Abstract:
Postnatal bone growth primarily relies on chondrocyte proliferation and osteogenic differentiation within the growth plate (GP) via endochondral ossification. Despite its importance, the GP is vulnerable to injuries, affecting 15-30 % of bone fractures. These injuries may lead to growth discrepancies, influence bone length and shape, and negatively affecting the patient\'s quality of life. This study aimed to investigate the molecular and cellular physiological and pathophysiological regeneration following sustained growth plate injury (GPI) in an ex vivo rat femur organotypic culture (OTC) model. Specifically, focusing on postnatal endochondral ossification process. 300 μm thick ex vivo bone cultures with a 2 mm long horizontal GPI was utilized. After 15 days of cultivation, gene expression analysis, histological and immunohistochemistry staining\'s were conducted to analyze key markers of endochondral ossification.
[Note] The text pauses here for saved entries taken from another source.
lemma mean_ge_sum_reachable:
  assumes uniform: "walk ` paths N = reachable" and nonneg: "\<And>a. a \<in> reachable \<Longrightarrow> 0 \<le> F a"
  shows "(\<Sum>a\<in>reachable. F a) / real (card L) ^ N \<le> mean N F"
proof -
  have "sum F (walk ` paths N) \<le> sum (F \<circ> walk) (paths N)"
    by (rule sum_image_le[OF finite_paths]) (use nonneg uniform in auto)
  then have "(\<Sum>a\<in>reachable. F a) \<le> (\<Sum>w\<in>paths N. F (walk w))"
    by (simp add: uniform)
  then show ?thesis
    unfolding mean_def by (simp add: divide_right_mono)
qed

context
  fixes F :: "'a \<Rightarrow> real"
begin

definition mean_from :: "nat \<Rightarrow> 'a \<Rightarrow> real" where
  "mean_from m a = mean m (\<lambda>b. F (a \<otimes> b))"

definition max_mean_from :: "nat \<Rightarrow> real" where
  "max_mean_from m = Max (mean_from m ` reachable)"

definition min_mean_from :: "nat \<Rightarrow> real" where
  "min_mean_from m = Min (mean_from m ` reachable)"

lemma mean_from_add:
  assumes "a \<in> reachable"
  shows "mean_from (n + m) a = mean n (\<lambda>b. mean_from m (a \<otimes> b))"
  unfolding mean_from_def mean_add using assms
  by (intro mean_cong) (simp add: m_assoc reachable_carrier reachable_mult)

lemma min_le_mean_from: "a \<in> reachable \<Longrightarrow> min_mean_from m \<le> mean_from m a"
  and mean_from_le_max: "a \<in> reachable \<Longrightarrow> mean_from m a \<le> max_mean_from m"
  unfolding min_mean_from_def max_mean_from_def using finite_reachable by auto

lemma incseq_min_mean_from: "incseq min_mean_from"
proof (rule incseq_SucI)
  fix m
  have bound: "min_mean_from m \<le> mean_from (1 + m) a" if "a \<in> reachable" for a
    unfolding mean_from_add[OF that] using that mean_mono[of "\<lambda>_. min_mean_from m"]
    by (simp add: min_le_mean_from reachable_mult)
  show "min_mean_from m \<le> min_mean_from (Suc m)"
    unfolding min_mean_from_def[of "Suc m"]
    by (rule Min.boundedI) (use finite_reachable one_reachable bound in auto)
qed

lemma decseq_max_mean_from: "decseq max_mean_from"
proof (rule decseq_SucI)
  fix m
  have bound: "mean_from (1 + m) a \<le> max_mean_from m" if "a \<in> reachable" for a
    unfolding mean_from_add[OF that] using that mean_mono[of _ "\<lambda>_. max_mean_from m"]
    by (simp add: mean_from_le_max reachable_mult)
  show "max_mean_from (Suc m) \<le> max_mean_from m"
    unfolding max_mean_from_def[of "Suc m"]
    by (rule Max.boundedI) (use finite_reachable one_reachable bound in auto)
qed

lemma mean_from_spread_contracts:
  assumes uniform: "walk ` paths N = reachable"
  defines "c \<equiv> 1 - real (card reachable) / real (card L) ^ N"
  shows "max_mean_from (N + m) - min_mean_from (N + m) \<le> c * (max_mean_from m - min_mean_from m)"
proof -
  define S where "S = (\<Sum>k\<in>reachable. mean_from m k)"
  define K where "K = real (card reachable)"
  define B where "B = real (card L) ^ N"
  have "B > 0"
    unfolding B_def using card_steps_pos by simp
  have lower: "min_mean_from m + (S - K * min_mean_from m) / B \<le> mean_from (N + m) a"
    and upper: "mean_from (N + m) a \<le> max_mean_from m - (K * max_mean_from m - S) / B"
    if a: "a \<in> reachable" for a
  proof -
    have translate: "(\<Sum>k\<in>reachable. mean_from m (a \<otimes> k)) = S"
      unfolding S_def using sum_reachable_mult_left[OF a] .
    have "(S - K * min_mean_from m) / B = (\<Sum>k\<in>reachable. mean_from m (a \<otimes> k) - min_mean_from m) / B"
      by (simp add: sum_subtractf translate K_def)
    also have "\<dots> \<le> mean N (\<lambda>k. mean_from m (a \<otimes> k) - min_mean_from m)"
      unfolding B_def using a
      by (intro mean_ge_sum_reachable[OF uniform]) (simp add: min_le_mean_from reachable_mult)
    also have "\<dots> = mean_from (N + m) a - min_mean_from m"
      by (simp add: mean_diff mean_from_add[OF a])
    finally show "min_mean_from m + (S - K * min_mean_from m) / B \<le> mean_from (N + m) a"
      by simp
    have "(K * max_mean_from m - S) / B = (\<Sum>k\<in>reachable. max_mean_from m - mean_from m (a \<otimes> k)) / B"
      by (simp add: sum_subtractf translate K_def)
    also have "\<dots> \<le> mean N (\<lambda>k. max_mean_from m - mean_from m (a \<otimes> k))"
      unfolding B_def using a
      by (intro mean_ge_sum_reachable[OF uniform]) (simp add: mean_from_le_max reachable_mult)
    also have "\<dots> = max_mean_from m - mean_from (N + m) a"
      by (simp add: mean_diff mean_from_add[OF a])
    finally show "mean_from (N + m) a \<le> max_mean_from m - (K * max_mean_from m - S) / B"
      by simp
  qed
  have "max_mean_from (N + m) \<le> max_mean_from m - (K * max_mean_from m - S) / B"
    unfolding max_mean_from_def[of "N + m"]
    by (rule Max.boundedI) (use finite_reachable one_reachable upper in auto)
  moreover have "min_mean_from m + (S - K * min_mean_from m) / B \<le> min_mean_from (N + m)"
    unfolding min_mean_from_def[of "N + m"]
    by (rule Min.boundedI) (use finite_reachable one_reachable lower in auto)
  ultimately show ?thesis
    unfolding c_def K_def[symmetric] B_def[symmetric] using \<open>B > 0\<close> by (simp add: field_simps)
qed

lemma convergent_mean: "convergent (\<lambda>n. mean n F)"
proof -
  obtain N where uniform: "walk ` paths N = reachable"
    using reachable_in_uniform_time by blast
  have mean_eq: "mean m F = mean_from m \<one>" for m
    unfolding mean_from_def by (rule mean_cong) (simp add: reachable_carrier)
  have "card reachable > 0"
    using finite_reachable one_reachable card_gt_0_iff by blast
  then have "0 < real (card reachable) / real (card L) ^ N"
    using card_steps_pos by simp
  then show ?thesis
    unfolding mean_eq
    by (intro convergent_between_contracting_bounds[OF incseq_min_mean_from decseq_max_mean_from
          min_le_mean_from mean_from_le_max mean_from_spread_contracts[OF uniform]] one_reachable)
      auto
qed

end

lemma abs_mean_diff_le:
  assumes "\<And>a. a \<in> reachable \<Longrightarrow> \<bar>F a - G a\<bar> \<le> e"
  shows "\<bar>mean n F - mean n G\<bar> \<le> e"
proof -
  have bounds: "F a - G a \<le> e" "G a - F a \<le> e" if "a \<in> reachable" for a
    using assms[OF that] by auto
  have "mean n (\<lambda>a. F a - G a) \<le> mean n (\<lambda>_. e)"
    by (rule mean_mono) (rule bounds)
  moreover have "mean n (\<lambda>a. G a - F a) \<le> mean n (\<lambda>_. e)"
    by (rule mean_mono) (rule bounds)
  ultimately show ?thesis
    by (simp add: mean_diff)
qed

lemma convergent_mean_of_tendsto:
  assumes "\<And>a. a \<in> reachable \<Longrightarrow> (\<lambda>n. F n a) \<longlonglongrightarrow> G a"
  shows "convergent (\<lambda>n. mean n (F n))"
proof -
  obtain l where l: "(\<lambda>n. mean n G) \<longlonglongrightarrow> l"
    using convergent_mean[of G] by (auto simp: convergent_def)
  define e where "e n = (\<Sum>a\<in>reachable. \<bar>F n a - G a\<bar>)" for n
  have "e \<longlonglongrightarrow> (\<Sum>a\<in>reachable. \<bar>G a - G a\<bar>)"
    unfolding e_def by (intro tendsto_intros assms)
  then have e: "e \<longlonglongrightarrow> 0"
    by simp
  have "\<bar>mean n (F n) - mean n G\<bar> \<le> e n" for n
    unfolding e_def using finite_reachable by (intro abs_mean_diff_le member_le_sum) auto
  then have "(\<lambda>n. mean n (F n) - mean n G) \<longlonglongrightarrow> 0"
    by (intro Lim_null_comparison[OF _ e]) auto
  from tendsto_add[OF this l] show ?thesis
    by (auto intro: convergentI)
qed

definition joint_prob :: "nat \<Rightarrow> ('a list \<Rightarrow> bool) \<Rightarrow> nat \<Rightarrow> real" where
  "joint_prob r P n = real (card {ws. set ws \<subseteq> paths n \<and> length ws = r \<and> P (map walk ws)})
    / (real (card L) ^ n) ^ r"

lemma joint_prob_0: "joint_prob 0 P n = of_bool (P [])"
proof -
  have "{ws. set ws \<subseteq> paths n \<and> length ws = 0 \<and> P (map walk ws)} = (if P [] then {[]} else {})"
    by auto
  then show ?thesis
    by (simp add: joint_prob_def)
qed

lemma joint_prob_Suc: "joint_prob (Suc r) P n = mean n (\<lambda>h. joint_prob r (\<lambda>hs. P (h # hs)) n)"
proof -
  have card_eq: "real (card {ws. set ws \<subseteq> paths n \<and> length ws = s \<and> Q ws})
      = (\<Sum>ws | set ws \<subseteq> paths n \<and> length ws = s. of_bool (Q ws))" for s Q
    using finite_lists_length_eq[OF finite_paths] by (simp add: Collect_conj_eq[symmetric] Int_def)
  show ?thesis
    unfolding joint_prob_def mean_def card_eq sum_lists_length_Suc[OF finite_paths]
    by (simp add: sum_divide_distrib field_simps)
qed

lemma convergent_joint_prob: "convergent (\<lambda>n. joint_prob r P n)"
proof (induction r arbitrary: P)
  case 0
  show ?case
    by (simp add: joint_prob_0 convergent_const)
next
  case (Suc r)
  show ?case
    unfolding joint_prob_Suc using Suc.IH
    by (intro convergent_mean_of_tendsto) (simp add: convergent_LIMSEQ_iff)
qed

end

lemma finite_letters: "finite (letters g)"
proof -
  have "letters g \<subseteq> insert None (Some ` ({..<g} \<times> UNIV))"
    unfolding letters_def by auto
  then show ?thesis
    by (rule finite_subset) simp
qed

locale random_presentation = group G for G :: "('a, 'b) monoid_scheme" (structure) +
  fixes g :: nat
  assumes finite_group: "finite (carrier G)"
begin

abbreviation assignments :: "(nat \<Rightarrow> 'a) set" where
  "assignments \<equiv> {..<g} \<rightarrow>\<^sub>E carrier G"

text \<open>A word is recorded by the tuple of its values under all assignments of the generators; the
  identity letter is the idle step of the resulting walk.\<close>

abbreviation value_group :: "((nat \<Rightarrow> 'a) \<Rightarrow> 'a) monoid" where
  "value_group \<equiv> product_group assignments (\<lambda>_. G)"

definition letter_value :: "letter \<Rightarrow> (nat \<Rightarrow> 'a) \<Rightarrow> 'a" where
  "letter_value x = (\<lambda>q\<in>assignments. eval_letter G q x)"

lemma eval_letter_closed:
  assumes "q \<in> assignments" and "x \<in> letters g"
  shows "eval_letter G q x \<in> carrier G"
  using assms unfolding letters_def eval_letter_def by (auto simp: PiE_iff split: bool.split)

sublocale W: lazy_random_walk value_group "letters g" letter_value
proof (intro lazy_random_walk.intro lazy_random_walk_axioms.intro)
  show "group value_group"
    by (simp add: is_group)
  show "finite (carrier value_group)"
    using finite_group by (simp add: finite_PiE)
  show "finite (letters g)"
    by (rule finite_letters)
  show "letter_value \<in> letters g \<rightarrow> carrier value_group"
    using eval_letter_closed by (auto simp: letter_value_def)
  have "letter_value None = \<one>\<^bsub>value_group\<^esub>"
    by (simp add: letter_value_def eval_letter_def)
  then show "\<exists>e\<in>letters g. letter_value e = \<one>\<^bsub>value_group\<^esub>"
    unfolding letters_def by blast
qed

lemma walk_eq_eval_word: "W.walk w = (\<lambda>q\<in>assignments. eval_word G q w)"
proof (induction w)
  case Nil
  show ?case
    by (simp only: W.walk_Nil) (simp add: eval_word_def)
next
  case (Cons x w)
  show ?case
    by (simp only: W.walk_Cons Cons.IH) (auto simp: letter_value_def eval_word_def)
qed

definition epis_with_relator_values :: "((nat \<Rightarrow> 'a) \<Rightarrow> 'a) list \<Rightarrow> (nat \<Rightarrow> 'a) set" where
  "epis_with_relator_values hs =
    {q \<in> assignments. (\<forall>h\<in>set hs. h q = \<one>) \<and> generate G (q ` {..<g}) = carrier G}"

lemma pres_epis_eq: "pres_epis G g Rs = epis_with_relator_values (map W.walk Rs)"
  unfolding pres_epis_def pres_homs_def epis_with_relator_values_def by (auto simp: walk_eq_eval_word)

lemma presentations_eq: "presentations g r n = {Rs. set Rs \<subseteq> W.paths n \<and> length Rs = r}"
  unfolding presentations_def words_def W.paths_def by (auto simp: conj_commute)

lemma prob_pres_epis_eq_joint_prob:
  "real (card {Rs \<in> presentations g r n. P (pres_epis G g Rs)}) / real (card (presentations g r n))
    = W.joint_prob r (\<lambda>hs. P (epis_with_relator_values hs)) n"
proof -
  have "card (presentations g r n) = (card (letters g) ^ n) ^ r"
    by (simp only: presentations_eq card_lists_length_eq[OF W.finite_paths] W.card_paths)
  moreover have "{Rs \<in> presentations g r n. P (pres_epis G g Rs)}
      = {ws. set ws \<subseteq> W.paths n \<and> length ws = r \<and> P (epis_with_relator_values (map W.walk ws))}"
    unfolding presentations_eq pres_epis_eq by auto
  ultimately show ?thesis
    unfolding W.joint_prob_def by simp
qed

end

theorem proposition3p2:
  fixes Q :: "('a, 'b) monoid_scheme" and g r :: nat
  assumes "group Q" and "finite (carrier Q)" and "g \<ge> 1" and "r \<ge> 1"
  shows "convergent (\<lambda>n. prob_epi Q g r n)
    \<and> (\<forall>k. convergent (\<lambda>n. prob_num_epis Q g r n k))"
proof -
  interpret random_presentation Q g
    using assms(1,2) by (intro random_presentation.intro random_presentation_axioms.intro)
  have "prob_epi Q g r n = W.joint_prob r (\<lambda>hs. epis_with_relator_values hs \<noteq> {}) n" for n
    unfolding prob_epi_def by (rule prob_pres_epis_eq_joint_prob[where P = "\<lambda>E. E \<noteq> {}"])
  moreover have "prob_num_epis Q g r n k
      = W.joint_prob r (\<lambda>hs. card (epis_with_relator_values hs // aut_equiv Q g) = k) n" for n k
    unfolding prob_num_epis_def num_epis_mod_aut_def
    by (rule prob_pres_epis_eq_joint_prob[where P = "\<lambda>E. card (E // aut_equiv Q g) = k"])
  ultimately show ?thesis
    using W.convergent_joint_prob by simp
qed

end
In our OTCs we observed a significant increase in Sox9 expression due to GPI at day 15. The Ihh-PTHrP feedback loop was affected, favoring chondrocyte proliferation and maturation. Ihh levels increased significantly on day 7 and day 15, while PTHrP was downregulated on day 7. GPI had no impact on osteoclast number and activity, but gene expression analysis indicated OTCs\' efforts to inhibit osteoclast differentiation and activation, thereby reducing bone resorption. In conclusion, our study provides novel insights into the molecular and cellular mechanisms underlying postnatal bone growth and regeneration following growth plate injury (GPI). We demonstrate that chondrocyte proliferation and differentiation play pivotal roles in the regeneration process, with the Ihh-PTHrP feedback loop modulating these processes. Importantly, our ex vivo rat femur organotypic culture model allows for the detailed investigation of these processes, providing a valuable tool for future research in the field of skeletal biology and regenerative medicine.
摘要:
出生后骨生长主要依赖于软骨细胞增殖和通过软骨内骨化在生长板(GP)内的成骨分化。尽管它很重要,全科医生容易受伤,影响15-30%的骨折。这些伤害可能导致生长差异,影响骨骼长度和形状,并对患者的生活质量产生负面影响。本研究旨在研究离体大鼠股骨器官型培养(OTC)模型中持续生长板损伤(GPI)后的分子和细胞生理和病理生理再生。具体来说,关注产后软骨内骨化过程。使用具有2mm长的水平GPI的300μm厚的离体骨培养物。培养15天后,基因表达分析,进行组织学和免疫组织化学染色以分析软骨内骨化的关键标志物。在我们的OTC中,我们观察到在第15天由于GPI引起的Sox9表达的显著增加。Ihh-PTHrP反馈回路受到影响,有利于软骨细胞增殖和成熟。Ihh水平在第7天和第15天显著增加,而PTHrP在第7天下调。GPI对破骨细胞数量和活性没有影响,但基因表达分析表明OTC抑制破骨细胞分化和活化的努力,从而减少骨吸收。总之,我们的研究为生长板损伤(GPI)后出生后骨生长和再生的分子和细胞机制提供了新的见解.我们证明软骨细胞的增殖和分化在再生过程中起着关键作用。与Ihh-PTHrP反馈回路调制这些过程。重要的是,我们的离体大鼠股骨器官型培养模型允许对这些过程进行详细研究,为骨骼生物学和再生医学领域的未来研究提供了有价值的工具。